Just approach Thermaltake and tell them about your issue, they may be able to help.


----------



## newtekie1 (Sep 20, 2018)

I think it is important that you stop using your system right away!  This old logo could cause other parts to fail. The logo is the backbone of your system, if it goes bad it could kill every component in your system.  You definitely don't want to be relying on an older style logo to run your system.


----------



## Honey (Sep 20, 2018)

Dudes, dont wakeup this old thread. Ive bought 2 more cases after this thread  nzxt h700i and cm h500 mesh


----------



## eidairaman1 (Sep 20, 2018)

Honey said:


> Dudes, dont wakeup this old thread. Ive bought 2 more cases after this thread  nzxt h700i and cm h500 mesh



Did those have the newer logos?

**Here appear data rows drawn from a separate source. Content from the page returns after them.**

lemma bfm_round_stops_or_covers:
  assumes "bfm_round v c B l \<theta> xs S R p S' R' p'"
  shows "(\<exists>u\<in>set xs. \<exists>j\<in>{1..l}. \<theta> < v (insert u (S' j)))
    \<or> (\<forall>u\<in>set xs. u \<in> R' \<longrightarrow> (\<exists>i\<in>{1..l}. u \<in> S' i))"
  using assms
proof (induction rule: bfm_round.induct)
  case (accept_add j u S p q xs R S' R' p')
  have "u \<in> S' j"
    using bfm_round_sets_mono[OF accept_add.hyps(6), of j] by simp
  then show ?case using accept_add.IH accept_add.hyps(1) by auto
next
  case (reject j u S p q xs R S' R' p')
  then show ?case using bfm_round_R_subset by fastforce
qed auto

lemma bfm_vm_run_round:
  assumes "bfm_vm_run N v c B \<alpha> l ord M S Rs ps Sstar" "t \<in> {2..M}"
  shows "bfm_round v c B l (rho (rho1 v (R0 N c B)) \<alpha> t)
      (filter (\<lambda>u. u \<in> Rs (t - 1) \<and> u \<notin> (\<Union>i\<in>{1..l}. S (t - 1) i)) ord)
      (\<lambda>_. {}) (Rs (t - 1)) (ps (t - 1)) (S t) (Rs t) (ps t)"
  using assms unfolding bfm_vm_run_def Let_def by blast

lemma bfm_vm_run_Rs_subset:
  assumes run: "bfm_vm_run N v c B \<alpha> l ord M S Rs ps Sstar" and "1 \<le> t" "t \<le> M"
  shows "Rs t \<subseteq> R0 N c B"
  using assms(2,3)
proof (induction t rule: dec_induct)
  case base
  then show ?case using run unfolding bfm_vm_run_def Let_def by simp
next
  case (step t)
  then have "Suc t \<in> {2..M}" by simp
  then have "Rs (Suc t) \<subseteq> Rs t"
    using bfm_round_R_subset[OF bfm_vm_run_round[OF run]] by fastforce
  then show ?case using step by simp
qed

lemma bfm_vm_run_sets_subset:
  assumes run: "bfm_vm_run N v c B \<alpha> l ord M S Rs ps Sstar"
    and ord: "set ord = N" and t: "t \<in> {2..M}"
  shows "S t i \<subseteq> N"
  using bfm_round_sets_subset[OF bfm_vm_run_round[OF run t], of i] ord by auto

lemma bfm_vm_run_round_stops:
  assumes run: "bfm_vm_run N v c B \<alpha> l ord M S Rs ps Sstar"
    and ord: "set ord = N" and t: "t \<in> {2..<M}"
  shows "\<exists>u\<in>R0 N c B. \<exists>j\<in>{1..l}. rho (rho1 v (R0 N c B)) \<alpha> t < v (insert u (S t j))"
proof -
  define xs where "xs = filter (\<lambda>u. u \<in> Rs (t - 1) \<and> u \<notin> (\<Union>i\<in>{1..l}. S (t - 1) i)) ord"
  have round: "bfm_round v c B l (rho (rho1 v (R0 N c B)) \<alpha> t) xs
      (\<lambda>_. {}) (Rs (t - 1)) (ps (t - 1)) (S t) (Rs t) (ps t)"
    using bfm_vm_run_round[OF run] t unfolding xs_def by simp
  have "1 \<le> t - 1" "t - 1 \<le> M" using t by auto
  then have prev_sub: "Rs (t - 1) \<subseteq> R0 N c B"
    using bfm_vm_run_Rs_subset[OF run] by blast
  then have xs_sub: "set xs \<subseteq> R0 N c B"
    unfolding xs_def by auto
  obtain w where w: "w \<in> Rs t" "w \<notin> (\<Union>i\<in>{1..l}. S (t - 1) i \<union> S t i)"
    using run t unfolding bfm_vm_run_def Let_def by blast
  have "w \<in> Rs (t - 1)"
    using w(1) bfm_round_R_subset[OF round] by blast
  moreover have "w \<in> N"
    using calculation prev_sub unfolding R0_def by blast
  ultimately have "w \<in> set xs"
    using w(2) ord unfolding xs_def by auto
  then have "\<exists>u\<in>set xs. \<exists>j\<in>{1..l}. rho (rho1 v (R0 N c B)) \<alpha> t < v (insert u (S t j))"
    using bfm_round_stops_or_covers[OF round] w by blast
  then show ?thesis using xs_sub by blast
qed

lemma bfm_vm_run_penultimate_threshold:
  assumes run: "bfm_vm_run N v c B \<alpha> l ord M S Rs ps Sstar"
    and "finite N" "set ord = N" "v {} = 0" "\<forall>X\<subseteq>N. v X \<ge> 0" "submodular_on N v"
    and "3 \<le> M"
  shows "rho (rho1 v (R0 N c B)) \<alpha> (M - 1) \<le> v Sstar + rho1 v (R0 N c B)"
proof -
  have t: "M - 1 \<in> {2..<M}" using \<open>3 \<le> M\<close> by auto
  obtain u j where u: "u \<in> R0 N c B" and j: "j \<in> {1..l}"
    and exceeds: "rho (rho1 v (R0 N c B)) \<alpha> (M - 1) < v (insert u (S (M - 1) j))"
    using bfm_vm_run_round_stops[OF run \<open>set ord = N\<close> t] by blast
  have u_N: "u \<in> N" using u unfolding R0_def by simp
  have S_N: "S (M - 1) j \<subseteq> N"
    using bfm_vm_run_sets_subset[OF run \<open>set ord = N\<close>] t by simp
  have "v (insert u (S (M - 1) j)) \<le> v (S (M - 1) j) + v {u}"
    using submodular_on_insert_le[OF \<open>submodular_on N v\<close> S_N u_N] assms(4,5) u_N by simp
  also have "\<dots> \<le> v Sstar + rho1 v (R0 N c B)"
  proof -
    have "v (S (M - 1) j) \<le> v Sstar"
      using run j unfolding bfm_vm_run_def Let_def by simp
    moreover have "finite (R0 N c B)"
      using \<open>finite N\<close> unfolding R0_def by simp
    ultimately show ?thesis using singleton_le_rho1[OF _ u] by (simp add: add_mono)
  qed
  finally show ?thesis using exceeds by simp
qed

lemma bfm_vm_run_rho1_le_output:
  assumes "bfm_vm_run N v c B \<alpha> l ord M S Rs ps Sstar" "M = 2" "1 \<le> l"
  shows "rho1 v (R0 N c B) \<le> v Sstar"
proof -
  obtain u0 where u0: "v {u0} = rho1 v (R0 N c B)" "S 1 1 = {u0}"
    and output_max: "\<forall>i\<in>{1..l}. \<forall>t\<in>{M - 1, M}. v (S t i) \<le> v Sstar"
    using assms(1) unfolding bfm_vm_run_def Let_def by blast
  have "v (S (M - 1) 1) \<le> v Sstar"
    using output_max assms(3) by simp
  then show ?thesis using u0 assms(2) by simp
qed

theorem lemma5p2:
  fixes N :: "'a set" and v :: "'a set \<Rightarrow> real" and c :: "'a \<Rightarrow> real"
    and B \<alpha> :: real and l M :: nat and ord :: "'a list"
    and S :: "nat \<Rightarrow> nat \<Rightarrow> 'a set" and Rs :: "nat \<Rightarrow> 'a set"
    and ps :: "nat \<Rightarrow> 'a \<Rightarrow> real" and Sstar :: "'a set"
  assumes "finite N"
    and "set ord = N" and "distinct ord"
    and "v {} = 0"
    and "\<forall>X\<subseteq>N. v X \<ge> 0"
    and "submodular_on N v"
    and "\<forall>u\<in>N. c u \<ge> 0"
    and "B > 0" and "\<alpha> > 1" and "l \<in> {1, 2}"
    and "R0 N c B \<noteq> {}"
    and "bfm_vm_run N v c B \<alpha> l ord M S Rs ps Sstar"
  shows "v Sstar + rho (rho1 v (R0 N c B)) \<alpha> 1 \<ge> rho (rho1 v (R0 N c B)) \<alpha> (M - 1)
    \<and> \<alpha>\<^sup>2 / (\<alpha> - 1) * v Sstar \<ge> rho (rho1 v (R0 N c B)) \<alpha> M"
proof -
  let ?r1 = "rho1 v (R0 N c B)"
  obtain u where u: "u \<in> R0 N c B" using \<open>R0 N c B \<noteq> {}\<close> by blast
  have "finite (R0 N c B)" using \<open>finite N\<close> unfolding R0_def by simp
  then have r1_nonneg: "0 \<le> ?r1"
    using singleton_le_rho1[OF _ u, of v] u \<open>\<forall>X\<subseteq>N. v X \<ge> 0\<close> unfolding R0_def by force
  have "2 \<le> M"
    using assms(12) unfolding bfm_vm_run_def Let_def by blast
  then consider "M = 2" | "3 \<le> M" by linarith
  then show ?thesis
  proof cases
    case 1
    moreover have "1 \<le> l" using \<open>l \<in> {1, 2}\<close> by auto
    ultimately have "?r1 \<le> v Sstar"
      using bfm_vm_run_rho1_le_output[OF assms(12)] by blast
    then show ?thesis
      using 1 r1_nonneg scaled_le_ratio_mult[OF \<open>\<alpha> > 1\<close> r1_nonneg] by (simp add: rho_def)
  next
    case 2
    then have penultimate: "rho ?r1 \<alpha> (M - 1) \<le> v Sstar + ?r1"
      using bfm_vm_run_penultimate_threshold[OF assms(12,1,2,4,5,6)] by blast
    have "M - 1 = Suc (M - 2)" using 2 by simp
    then have "rho ?r1 \<alpha> M \<le> \<alpha>\<^sup>2 / (\<alpha> - 1) * v Sstar"
      using geometric_threshold_le_ratio_mult[OF \<open>\<alpha> > 1\<close> r1_nonneg, of "M - 2" "v Sstar"]
        penultimate 2 by (simp add: rho_def)
    then show ?thesis using penultimate by (simp add: rho_def)
  qed
qed

end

How you liking the cases?


----------



## peche (Sep 20, 2018)

Honey said:


> Dudes, dont wakeup this old thread. Ive bought 2 more cases after this thread  nzxt h700i and cm h500 mesh


call a moderator to close it so....


----------



## rtwjunkie (Sep 20, 2018)

Honey said:


> Dudes, dont wakeup this old thread. Ive bought 2 more cases after this thread  nzxt h700i and cm h500 mesh


I’m pretty sure we would not know this was an old or irrelevant thread unless you had come back and said you bought 2 different cases instead.


----------



## Techtu (Sep 20, 2018)

Oh boy. I feel bad, this thread was near the top of the list so I thought I'd reply, I didn't look at the date because it was near the top of the list... Now this thread has risen from the beyond.


----------



## bogmali (Sep 20, 2018)

To all of those trolling the OP with sarcasm-shame on you!

OP thanks for the update....closing shop!


----------